Contemporary Reviews
Dublin Core
Title
Description
This item consists of an 1869 review of Little Women published by The Athenaeum, and a review of a biography about Luisa May Alcott from The Independent, which elegantly discusses Alcott’s writing, primarily Little Women. Together the two reviews demonstrate the different ways in which Alcott’s novel was interpreted at the time just after its publication.
In the contemporary review of Little Women, the novel’s themes of feminism and women’s liberation are overlooked, as the reviewer instead focuses on the March sisters’ relationships to men and domesticity. In fact, the novel is even referred to as “a cheerful domestic story.” The reviewer also writes, “It is almost needless to say that Miss Jo is one of the strong-minded race of young women, and that she has started in life with the fallacious idea that a man’s love is by no means essential to a woman’s happiness.” Instead of writing of Jo’s independence, literary and financial success, and ability to support her family, the reviewer only comments on her marriage to Professor Bhaer. Despite all of her other accomplishments throughout the novel, the reviewer points to Jo’s marriage as evidence that women are dependent upon men’s affections. In doing so, the review misses the Alcott sisters’ ideas about women’s strength, abilities, and independence that are present in the novel and highlighted in the illustrations.

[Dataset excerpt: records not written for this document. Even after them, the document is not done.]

(* Let $q>0$. Then the function $\mathcal{E}_q^z$ is analytic in the disc $|z|<R_q$, where $$R_q=\begin{cases}\dfrac{2}{1-q}, & 0<q<1,\\[1ex] \dfrac{2q}{q-1}, & q>1,\\[1ex] \infty, & q=1,\end{cases}$$ and for $|z|<R_q$ $$\mathcal{E}_q^z=\sum_{n=0}^\infty \frac{z^n}{\{n\}!},$$ where, for $q\neq1$, $\{n\}:=\dfrac{1+q+\dots+q^{n-1}}{\frac12(1+q^{n-1})}=\dfrac{2(1-q^n)}{(1-q)(1+q^{n-1})}$ (and $\{n\}:=n$ for $q=1$), and $\{n\}!:=\{1\}\{2\}\cdots\{n\}$, $\{0\}!:=1$.
   Context: For $q>0$ and integers $k\ge1$ let $[k]=1+q+\dots+q^{k-1}$, $[n]!=[1][2]\cdots[n]$, $[0]!=1$. The standard $q$-exponentials are $e_q^z=\sum_{n\ge0} z^n/[n]!$ and $E_q^z=\sum_{n\ge0} q^{n(n-1)/2}z^n/[n]!$, defined by these power series on their discs of convergence and extended meromorphically to $\mathbb{C}$; for $0<q<1$ one has $e_q^z=\prod_{k\ge0}(1-(1-q)q^kz)^{-1}$ and $E_q^z=\prod_{k\ge0}(1+(1-q)q^kz)$, and in general $E_q^z=e_{1/q}^z$; for $q=1$ both equal $e^z$. The improved $q$-exponential is $\mathcal{E}_q^z:=e_q^{z/2}E_q^{z/2}$ (a meromorphic function of $z$); for $0<q<1$, $\mathcal{E}_q^z=\prod_{k\ge0}\frac{1+q^k(1-q)\frac z2}{1-q^k(1-q)\frac z2}$. *)

theory Defs
  imports "HOL-Analysis.Analysis"
begin

definition qint :: "real \<Rightarrow> nat \<Rightarrow> real" where
  "qint q k = (\<Sum>i<k. q ^ i)"

definition qfact :: "real \<Rightarrow> nat \<Rightarrow> real" where
  "qfact q n = (\<Prod>k\<in>{1..n}. qint q k)"

text \<open>e_q^z as its power series (on its disc of convergence)\<close>
definition e_q :: "real \<Rightarrow> complex \<Rightarrow> complex" where
  "e_q q z = (\<Sum>n. z ^ n / complex_of_real (qfact q n))"

text \<open>E_q^z as its power series (on its disc of convergence)\<close>
definition E_q :: "real \<Rightarrow> complex \<Rightarrow> complex" where
  "E_q q z = (\<Sum>n. complex_of_real (q ^ (n * (n - 1) div 2)) * z ^ n / complex_of_real (qfact q n))"

text \<open>improved q-exponential: e_q^(z/2) E_q^(z/2)\<close>
definition impexp :: "real \<Rightarrow> complex \<Rightarrow> complex" where
  "impexp q z = e_q q (z / 2) * E_q q (z / 2)"

definition qbrace :: "real \<Rightarrow> nat \<Rightarrow> real" where
  "qbrace q n = (if q = 1 then real n else qint q n / ((1 + q ^ (n - 1)) / 2))"

definition qbrace_fact :: "real \<Rightarrow> nat \<Rightarrow> real" where
  "qbrace_fact q n = (\<Prod>k\<in>{1..n}. qbrace q k)"

definition disc_q :: "real \<Rightarrow> complex set" where
  "disc_q q = (if q = 1 then UNIV
               else if q < 1 then ball 0 (2 / (1 - q))
               else ball 0 (2 * q / (q - 1)))"

end

theory Submission imports Defs begin

(* The coefficients q^C(n,2)/[n]! of E_q are the coefficients 1/[n]_{1/q}! of
   e_{1/q}, and the coefficient ratio [n+1] of e_q tends to 1/(1-q) (q < 1) or to
   infinity (q >= 1).  So |z| < R_q is the disc on which both series, taken at
   w = z/2, converge absolutely; there their Cauchy product converges to
   e_q^w E_q^w, and its n-th coefficient is evaluated by the q-binomial theorem
     sum_k q^C(k,2) [n]!/([k]![n-k]!) = prod_{j<n} (1 + q^j),
   which turns w^n/[n]! times this product into z^n/{n}!.  Analyticity holds
   because a power series converging on a disc is analytic on it. *)

lemma powser_analytic_on_eball:
  fixes c :: "nat \<Rightarrow> complex"
  assumes sums: "\<And>z. z \<in> eball 0 R \<Longrightarrow> (\<lambda>n. c n * z ^ n) sums f z"
  shows "f analytic_on eball 0 R"
proof -
  have "R \<le> conv_radius c"
  proof (rule conv_radius_geI_ex')
    fix r :: real assume "0 < r" "ereal r < R"
    then have "complex_of_real r \<in> eball 0 R" by simp
    then show "summable (\<lambda>n. c n * complex_of_real r ^ n)"
      using sums sums_summable by blast
  qed
  then have "eval_fps (Abs_fps c) analytic_on eball 0 R"
    by (intro analytic_on_eval_fps) (simp add: fps_conv_radius_def eball_mono)
  moreover have "eval_fps (Abs_fps c) z = f z" if "z \<in> eball 0 R" for z
    using sums[OF that] unfolding eval_fps_def fps_nth_Abs_fps by (rule sums_unique[symmetric])
  ultimately show ?thesis
    using holomorphic_cong analytic_on_open open_eball by metis
qed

On the other hand, The Independent’s review acknowledges Alcott’s “boldness with which she defied the artificial proprieties of the old-time Boston code of culture.” The reviewer writes that in Little Women, as well as in Luisa Alcott’s other works, she demonstrates that, like herself, women can be ambitious, hard-working, independent, successful, intelligent, and determined. Unlike the first review (which discusses women only in relation to men), this one focuses on Luisa Alcott as an empowered woman, and how her empowerment comes through in her writing. The vastly different ways in which Little Women’s attitudes toward women were interpreted in these reviews displays that the role of women in society was unclear during the late nineteenth century when the novel was published. Perhaps the reviews are so diverse because gender norms for women at this time were changing, leaving people with different ideas about how women were or should have been considered.